Since he and James put the Moogsoft pilot in, our MTTR has been close to zero and consequently we’ve been able to use all that time not spent on unplanned work on paying down technical debt and reducing toil ourselves like Dinesh suggested. Our product owner is over the moon as we’re now at a point where we’ve managed to inject more capacity for innovation – we’re taking on more story points per sprint now than ever before. And I’ve had time to tinker about with integrating Moogsoft into the DevOps toolchain which is also partly what this next session is about. And because I’m curious to get under the covers of this AI and understand how it’s doing what it’s doing.

“Hey Sarah,” Dinesh greets me, his happy, smiling face on screen and ready to go as soon as login and we chat for a few minutes while we wait for Aparna and the rest of her crew to finish whatever call they just had and dribble into the Zoom. I know some people are complaining about Zoom fatigue, but really I’m just super grateful that I get to work from home and not commute and that it’s such a gift to be able to get a bunch of amazing people together in an instant no matter where they are in the world.

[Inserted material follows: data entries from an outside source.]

lemma carries_shifted_symmetric_if_gcd:
  assumes "n \<le> gcd (b - n) (n ^ 2 - 1)" and j: "j \<le> k"
  shows "c j = c (k - j + 1)"
proof -
  let ?G = "int (gcd (b - n) (n ^ 2 - 1))"
  have "?G dvd int (b - n)" "?G dvd int (n ^ 2 - 1)"
    by (simp_all only: of_nat_dvd_iff) simp_all
  then have "?G dvd int b - int n" "?G dvd int n ^ 2 - 1"
    using n_gt_1 n_less_b by (simp_all add: of_nat_diff)
  then have "?G dvd int (c j) - int (c (Suc k - j))"
    using j by (intro dvd_reflected_carry_difference) simp_all
  moreover have "\<bar>int (c j) - int (c (Suc k - j))\<bar> < ?G"
    using carry_less[of j] carry_less[of "Suc k - j"] assms(1) by simp
  ultimately show ?thesis
    using j dvd_abs_less_imp_eq_0 by (fastforce simp: Suc_diff_le)
qed

lemma shifted_symmetric_carry_step:
  assumes sh: "\<forall>j\<le>k. c j = c (k - j + 1)" and j: "j \<le> k" and "c j = 0"
  shows "(n ^ 2 - 1) * d j = (b - n) * c (Suc j)"
proof -
  have "c (Suc (k - j)) = 0"
    using sh[rule_format, OF j] \<open>c j = 0\<close> j by (simp add: Suc_diff_le)
  moreover have "c (k - j) = c (Suc j)"
  proof (cases "j < k")
    case True
    then show ?thesis
      using sh[rule_format, of "Suc j"] by (simp add: Suc_diff_Suc)
  next
    case False
    then show ?thesis
      using j carry_0 carry_Suc_k by simp
  qed
  ultimately have "d (k - j) = n * d j + c (Suc j)"
    using digit_eq[of "k - j"] j by simp
  then have "int (d j) + int b * int (c (Suc j)) = int n * (int n * int (d j) + int (c (Suc j)))"
    using arg_cong[OF digit_eq[OF j], of int] \<open>c j = 0\<close> by simp
  then have "int ((n ^ 2 - 1) * d j) = int ((b - n) * c (Suc j))"
    using n_gt_1 n_less_b by (simp add: of_nat_diff algebra_simps power2_eq_square)
  then show ?thesis
    by (simp only: of_nat_eq_iff)
qed

lemma gcd_if_carries_shifted_symmetric:
  assumes "d 0 \<noteq> 0" and sh: "\<forall>j\<le>k. c j = c (k - j + 1)"
  shows "n \<le> gcd (b - n) (n ^ 2 - 1)"
proof (rule ccontr)
  assume "\<not> n \<le> gcd (b - n) (n ^ 2 - 1)"
  then have small: "c j * gcd (b - n) (n ^ 2 - 1) < n ^ 2 - 1" for j
  proof -
    have "c j * gcd (b - n) (n ^ 2 - 1) \<le> (n - 1) * (n - 1)"
      using carry_less[of j] \<open>\<not> n \<le> gcd (b - n) (n ^ 2 - 1)\<close> by (intro mult_mono) auto
    also have "\<dots> < (n - 1) * (n + 1)"
      using n_gt_1 by (intro mult_strict_left_mono) simp_all
    also have "\<dots> = n ^ 2 - 1"
      by (cases n) (simp_all add: power2_eq_square)
    finally show ?thesis .
  qed
  have "c j = 0" if "j \<le> Suc k" for j
    using that
  proof (induction j)
    case 0
    then show ?case
      using carry_0 by simp
  next
    case (Suc j)
    then have "(n ^ 2 - 1) * d j = (b - n) * c (Suc j)"
      using shifted_symmetric_carry_step[OF sh] by simp
    then show ?case
      using eq_0_if_mult_eq_and_small small by blast
  qed
  then have "c 1 = 0" "c k = 0"
    by simp_all
  then show False
    using first_carry_pos[OF assms(1)] by simp
qed

end

theorem corollary2:
  assumes H: "\<forall>b n k d. 2 < b \<and> 1 < n \<and> n < b \<and> palintiple n b k d \<and> symmetric_pal n b k d
                 \<longrightarrow> (\<forall>j\<le>k. (n - 1) dvd carry n b k d j)"
    and b: "2 < (b::nat)" and n1: "1 < n" and nb: "n < b"
    and p: "palintiple n b k d"
  shows "asymmetric_pal n b k d \<longleftrightarrow> gcd (b - n) (n^2 - 1) \<le> n - 1 \<and> \<not> (n + 1) dvd b"
proof -
  interpret carry_recurrence n b k d "carry n b k d"
    using p by (rule palintiple_carry_recurrence)
  have d0: "d 0 \<noteq> 0"
    using p unfolding palintiple_def by simp
  have "k \<noteq> 0"
  proof
    assume "k = 0"
    then show False
      using p unfolding palintiple_def by simp
  qed
  have symmetric: "symmetric_pal n b k d \<longleftrightarrow> (n + 1) dvd b"
  proof
    assume sym: "symmetric_pal n b k d"
    then have "(n - 1) dvd carry n b k d 1"
      using H[rule_format, of b n k d 1] b n1 nb p \<open>k \<noteq> 0\<close> by simp
    then show "(n + 1) dvd b"
      using dvd_if_carries_symmetric[OF d0] sym unfolding symmetric_pal_def by blast
  next
    assume "(n + 1) dvd b"
    then show "symmetric_pal n b k d"
      unfolding symmetric_pal_def using carries_symmetric_if_dvd by blast
  qed
  have shifted: "shifted_symmetric_pal n b k d \<longleftrightarrow> n \<le> gcd (b - n) (n ^ 2 - 1)"
    unfolding shifted_symmetric_pal_def
    using carries_shifted_symmetric_if_gcd gcd_if_carries_shifted_symmetric[OF d0] by blast
  show ?thesis
    unfolding asymmetric_pal_def symmetric shifted using n1 by auto
qed

end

“Me and James have a meeting coming up with Charlie next week. We’re pitching him for an enterprise wide roll out of Moogsoft so this is a bit of a dry run for me today – thanks for asking me to set it up.” Dinesh looks pretty excited about his plan to chat with our CIO.

“Wow,” I responded. “That’s a pretty big deal!”

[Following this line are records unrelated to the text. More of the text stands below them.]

(* Consider the remote-estimation MDP described in the context, assume $\rho^2(\mathbf{A})(1-\theta_{\max})<1$, and let $V$ be the relative value function obtained as the limit of relative value iteration (defined in the context) started from a function $V^0$ that is non-decreasing in $\delta$ and in $\tau$ (e.g. $V^0\equiv0$). Then: (i) for every $\tau\in\mathbb{N}^+$, $\delta\mapsto V(\tau,\delta)$ is non-decreasing; (ii) for every $\delta\in\mathbb{N}^+$, $\tau\mapsto V(\tau,\delta)$ is non-decreasing.
   Context: Linear Gaussian process $\mathbf{x}_{k+1}=\mathbf{A}\mathbf{x}_k+\mathbf{w}_k$, $\mathbf{w}_k$ i.i.d. $\mathcal{N}(0,\mathbf{Q})$, $\mathbf{Q}\succeq 0$; measurements $\mathbf{y}_k=\mathbf{C}\mathbf{x}_k+\mathbf{v}_k$, $\mathbf{v}_k$ i.i.d. $\mathcal{N}(0,\mathbf{R})$, $\mathbf{R}\succ0$; $(\mathbf{A},\mathbf{C})$ observable, $(\mathbf{A},\sqrt{\mathbf{Q}})$ controllable; $\bar{\mathbf{P}}$ the steady-state a posteriori Kalman error covariance; $\rho(\cdot)$ spectral radius. $f(\delta)=\mathrm{tr}\big(\mathbf{A}^{\delta}\bar{\mathbf{P}}(\mathbf{A}^T)^{\delta}+\sum_{r=0}^{\delta-1}\mathbf{A}^r\mathbf{Q}(\mathbf{A}^T)^r\big)$, which is non-decreasing in $\delta$. $\theta:\mathbb{N}^+\to[\theta_{\min},\theta_{\max}]\subseteq[0,1]$ non-increasing; $\bar\theta=1-\theta$; integers $\tau_D>1$, $\delta_R>1$. MDP: states $s=(\tau,\delta)\in\mathcal{S}=\mathbb{N}^+\times\mathbb{N}^+$, actions $\mathcal{U}=\{0,1,2\}$. Transitions $P_{s,s'}(u)$ from $(\tau,\delta)$: $u=0$: to $(\tau+1,\delta+1)$ w.p. 1; $u=1$: to $(\tau+\tau_D,1)$ w.p. $\theta(\tau)$, to $(\tau+\tau_D,\delta+1)$ w.p. $\bar\theta(\tau)$; $u=2$: to $(1,\delta+\delta_R)$ w.p. 1. Cost $c(s,u)=f(\delta)$ for $u\in\{0,1\}$, $c(s,2)=\sum_{r=0}^{\delta_R-1}f(\delta+r)$. Relative value iteration: fix a reference state $s_{\mathrm{ref}}$; for $n\ge1$, $Q^n(s,u)=c(s,u)+\sum_{s'}P_{s,s'}(u)V^{n-1}(s')$, $\tilde V^n(s)=\min_{u\in\mathcal{U}}Q^n(s,u)$, $V^n(s)=\tilde V^n(s)-\tilde V^n(s_{\mathrm{ref}})$; $V=\lim_n V^n$, which solves the average-cost Bellman equation $\lambda^*+V(s)=\min_u[c(s,u)+\sum_{s'}P_{s,s'}(u)V(s')]$. *)

theory Defs
  imports "HOL-Analysis.Analysis"
begin

text \<open>Matrix power with respect to matrix multiplication (the type class power on vec is componentwise).\<close>
primrec mpow :: "real^'n^'n \<Rightarrow> nat \<Rightarrow> real^'n^'n" where
  "mpow M 0 = mat 1"
| "mpow M (Suc k) = M ** mpow M k"

definition psd :: "real^'n^'n \<Rightarrow> bool" where
  "psd M \<longleftrightarrow> transpose M = M \<and> (\<forall>x. 0 \<le> x \<bullet> (M *v x))"

definition pd :: "real^'n^'n \<Rightarrow> bool" where
  "pd M \<longleftrightarrow> transpose M = M \<and> (\<forall>x. x \<noteq> 0 \<longrightarrow> 0 < x \<bullet> (M *v x))"

definition complexify :: "real^'n^'n \<Rightarrow> complex^'n^'n" where
  "complexify M = (\<chi> i j. complex_of_real (M $ i $ j))"

definition spectral_radius :: "real^'n^'n \<Rightarrow> real" where
  "spectral_radius M = Max (cmod ` {l. det (mat l - complexify M) = 0})"

text \<open>Observability of (A,C): the observability matrix [C; CA; ...; CA^(n-1)] has full column
  rank n, i.e. trivial kernel.\<close>
definition observable :: "real^'n^'n \<Rightarrow> real^'n^'m \<Rightarrow> bool" where
  "observable A C \<longleftrightarrow>
     (\<forall>x. (\<forall>k<CARD('n). C *v (mpow A k *v x) = 0) \<longrightarrow> x = 0)"

text \<open>Controllability of (A,B): the controllability matrix [B, AB, ..., A^(n-1)B] has full row
  rank n, i.e. its transpose has trivial kernel.\<close>
definition controllable :: "real^'n^'n \<Rightarrow> real^'k^'n \<Rightarrow> bool" where
  "controllable A B \<longleftrightarrow>
     (\<forall>y. (\<forall>k<CARD('n). y v* (mpow A k ** B) = 0) \<longrightarrow> y = 0)"

text \<open>P is a steady-state a posteriori Kalman error covariance: a fixed point of the
  Kalman filter covariance recursion (prediction followed by measurement update).\<close>
definition kalman_prior :: "real^'n^'n \<Rightarrow> real^'n^'n \<Rightarrow> real^'n^'n \<Rightarrow> real^'n^'n" where
  "kalman_prior A Q P = A ** P ** transpose A + Q"

definition kalman_update ::
  "real^'n^'n \<Rightarrow> real^'n^'m \<Rightarrow> real^'n^'n \<Rightarrow> real^'m^'m \<Rightarrow> real^'n^'n \<Rightarrow> real^'n^'n" where
  "kalman_update A C Q R P =
     (let Pm = kalman_prior A Q P
      in Pm - Pm ** transpose C ** matrix_inv (C ** Pm ** transpose C + R) ** C ** Pm)"

definition steady_state_posterior ::
  "real^'n^'n \<Rightarrow> real^'n^'m \<Rightarrow> real^'n^'n \<Rightarrow> real^'m^'m \<Rightarrow> real^'n^'n \<Rightarrow> bool" where
  "steady_state_posterior A C Q R P \<longleftrightarrow> psd P \<and> kalman_update A C Q R P = P"

definition ferr :: "real^'n^'n \<Rightarrow> real^'n^'n \<Rightarrow> real^'n^'n \<Rightarrow> nat \<Rightarrow> real" where
  "ferr A Pbar Q d = trace (mpow A d ** Pbar ** mpow (transpose A) d
      + (\<Sum>r<d. mpow A r ** Q ** mpow (transpose A) r))"

text \<open>States are pairs (tau, delta) of positive naturals; actions 0,1,2.\<close>
definition cost :: "(nat \<Rightarrow> real) \<Rightarrow> nat \<Rightarrow> nat \<times> nat \<Rightarrow> nat \<Rightarrow> real" where
  "cost f dR s u = (if u = 2 then (\<Sum>r<dR. f (snd s + r)) else f (snd s))"

definition trans :: "(nat \<Rightarrow> real) \<Rightarrow> nat \<Rightarrow> nat \<Rightarrow> nat \<times> nat \<Rightarrow> nat \<Rightarrow> nat \<times> nat \<Rightarrow> real" where
  "trans \<theta> tD dR s u s' = (case s of (\<tau>, \<delta>) \<Rightarrow>
     if u = 0 then (if s' = (\<tau> + 1, \<delta> + 1) then 1 else 0)
     else if u = 1 then (if s' = (\<tau> + tD, 1) then \<theta> \<tau> else 0)
                      + (if s' = (\<tau> + tD, \<delta> + 1) then 1 - \<theta> \<tau> else 0)
     else if u = 2 then (if s' = (1, \<delta> + dR) then 1 else 0)
     else 0)"

definition succs :: "nat \<Rightarrow> nat \<Rightarrow> nat \<times> nat \<Rightarrow> nat \<Rightarrow> (nat \<times> nat) set" where
  "succs tD dR s u = (case s of (\<tau>, \<delta>) \<Rightarrow>
     if u = 0 then {(\<tau> + 1, \<delta> + 1)}
     else if u = 1 then {(\<tau> + tD, 1), (\<tau> + tD, \<delta> + 1)}
     else {(1, \<delta> + dR)})"

definition Qfun ::
  "(nat \<Rightarrow> real) \<Rightarrow> (nat \<Rightarrow> real) \<Rightarrow> nat \<Rightarrow> nat \<Rightarrow> (nat \<times> nat \<Rightarrow> real) \<Rightarrow> nat \<times> nat \<Rightarrow> nat \<Rightarrow> real" where
  "Qfun f \<theta> tD dR V s u = cost f dR s u + (\<Sum>s'\<in>succs tD dR s u. trans \<theta> tD dR s u s' * V s')"

primrec rvi ::
  "(nat \<Rightarrow> real) \<Rightarrow> (nat \<Rightarrow> real) \<Rightarrow> nat \<Rightarrow> nat \<Rightarrow> nat \<times> nat \<Rightarrow> (nat \<times> nat \<Rightarrow> real)
   \<Rightarrow> nat \<Rightarrow> nat \<times> nat \<Rightarrow> real" where
  "rvi f \<theta> tD dR sref V0 0 = V0"
| "rvi f \<theta> tD dR sref V0 (Suc n) =
     (let Vt = (\<lambda>s. Min ((Qfun f \<theta> tD dR (rvi f \<theta> tD dR sref V0 n) s) ` {0, 1, 2}))
      in (\<lambda>s. Vt s - Vt sref))"

end

theory Submission
  imports Defs
begin

text \<open>The error cost \<open>f\<close> is non-decreasing because the fixed point \<open>P\<close> of the Kalman recursion
  lies below its own prediction \<open>A P A\<^sup>T + Q\<close>; hence \<open>f(\<delta>+1) - f(\<delta>)\<close> is the trace of the
  congruence of the positive semidefinite matrix \<open>A P A\<^sup>T + Q - P\<close> by \<open>A\<^sup>\<delta>\<close>. The Bellman operator then preserves
  monotonicity in both coordinates: in \<open>\<delta>\<close> since costs and successor states all move upwards
  with \<open>\<delta>\<close>, in \<open>\<tau>\<close> since a larger \<open>\<tau>\<close> moves successors upwards and, \<open>\<theta>\<close> being
  non-increasing, shifts probability from the reset successor \<open>(\<tau>+\<tau>\<^sub>D, 1)\<close> to the larger value
  at \<open>(\<tau>+\<tau>\<^sub>D, \<delta>+1)\<close>. Subtracting the constant value at the reference state preserves
  monotonicity, so every iterate is monotone, and so is the pointwise limit.\<close>

lemma nonneg_quadratic_congruence:
  assumes "\<forall>y. 0 \<le> y \<bullet> ((N::real^'k^'k) *v y)"
  shows "0 \<le> (x::real^'n) \<bullet> (((M::real^'k^'n) ** N ** transpose M) *v x)"
proof -
  have "x \<bullet> ((M ** N ** transpose M) *v x) = (transpose M *v x) \<bullet> (N *v (transpose M *v x))"
    by (simp flip: dot_lmul_matrix matrix_vector_mul_assoc)
  thus ?thesis using assms by simp
qed

lemma trace_nonneg_if_nonneg_quadratic:
  assumes "\<forall>y. 0 \<le> y \<bullet> ((X::real^'n^'n) *v y)"
  shows "0 \<le> trace X"
proof -
  have axis_inner: "axis i 1 \<bullet> v = v $ i" for i and v :: "real^'n"
    by (simp add: cart_eq_inner_axis inner_commute)
  have "X $ i $ i = axis i 1 \<bullet> (X *v axis i 1)" for i
    by (simp add: axis_inner matrix_vector_mult_basis column_def)
  hence "trace X = (\<Sum>i\<in>UNIV. axis i 1 \<bullet> (X *v axis i 1))" by (simp add: trace_def)
  also have "\<dots> \<ge> 0" using assms by (intro sum_nonneg) auto
  finally show ?thesis .
qed

lemma mpow_Suc_right: "mpow M (Suc k) = mpow M k ** M"
  by (induction k) (simp_all add: matrix_mul_assoc)

lemma mpow_transpose: "mpow (transpose M) k = transpose (mpow M k)"
proof (induction k)
  case (Suc k)
  have "mpow (transpose M) (Suc k) = mpow (transpose M) k ** transpose M" by (rule mpow_Suc_right)
  also have "\<dots> = transpose (M ** mpow M k)" using Suc by (simp add: matrix_transpose_mul)
  finally show ?case by simp
qed (simp add: transpose_mat)

lemma matrix_add_rdistrib: "(B + C) ** (A::real^'a^'b) = B ** A + C ** A"
  by (vector matrix_matrix_mult_def sum.distrib[symmetric] field_simps)

lemma transpose_add: "transpose ((X::real^'a^'b) + Y) = transpose X + transpose Y"
  by (vector transpose_def)

lemma matrix_inv_invertible:
  assumes "invertible (S::real^'m^'m)"
  shows "S ** matrix_inv S = mat 1" "matrix_inv S ** S = mat 1"
  using someI_ex[OF assms[unfolded invertible_def]] unfolding matrix_inv_def by auto

lemma invertible_if_dominates_pd:
  assumes "pd R" and "\<And>w. w \<bullet> (R *v w) \<le> w \<bullet> (S *v w)"
  shows "invertible S"
proof -
  have "\<forall>w. S *v w = 0 \<longrightarrow> w = 0"
  proof (intro allI impI)
    fix w assume "S *v w = 0"
    hence "w \<bullet> (R *v w) \<le> 0" using assms(2)[of w] by simp
    thus "w = 0" using assms(1) unfolding pd_def by (meson not_le)
  qed
  thus ?thesis using matrix_left_invertible_ker invertible_left_inverse by blast
qed

lemma matrix_inv_nonneg_if_dominates_pd:
  assumes R: "pd R" and dom: "\<And>w. w \<bullet> (R *v w) \<le> w \<bullet> (S *v w)"
  shows "0 \<le> z \<bullet> (matrix_inv S *v z)"
proof -
  define w where "w = matrix_inv S *v z"
  have "S *v w = z"
    using matrix_inv_invertible(1)[OF invertible_if_dominates_pd[OF assms]]
    by (simp add: w_def matrix_vector_mul_assoc)
  hence "z \<bullet> (matrix_inv S *v z) = w \<bullet> (S *v w)" by (simp add: w_def inner_commute)
  moreover have "0 \<le> w \<bullet> (R *v w)" using R unfolding pd_def by (cases "w = 0") (auto intro: less_imp_le)
  ultimately show ?thesis using dom[of w] by linarith
qed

“I know, right,” he says with his lopsided smile. “It’s fifteen countries, over five-hundred teams and close to ten thousand people. It’s not just the software licence fees, but all the time and effort. Do you think you can hit me up with a success story?”

“Of course! Let me post some links in the chat. Here’s the internal wiki page where I wrote up  that first incident you and James sorted with us. And here’s an article I posted on our public facing engineering blog last week. Also, here’s a link to my experiment documentation for integration into the DevOps toolchain.”

“That is so awesome,” he says, beaming. “We’ll be making your local discoveries global improvements in no time! After this, let’s set up some time for just the two of us as I want to know more about the DevOps toolchain plan. Looks like everyone’s here now, so let’s get going.”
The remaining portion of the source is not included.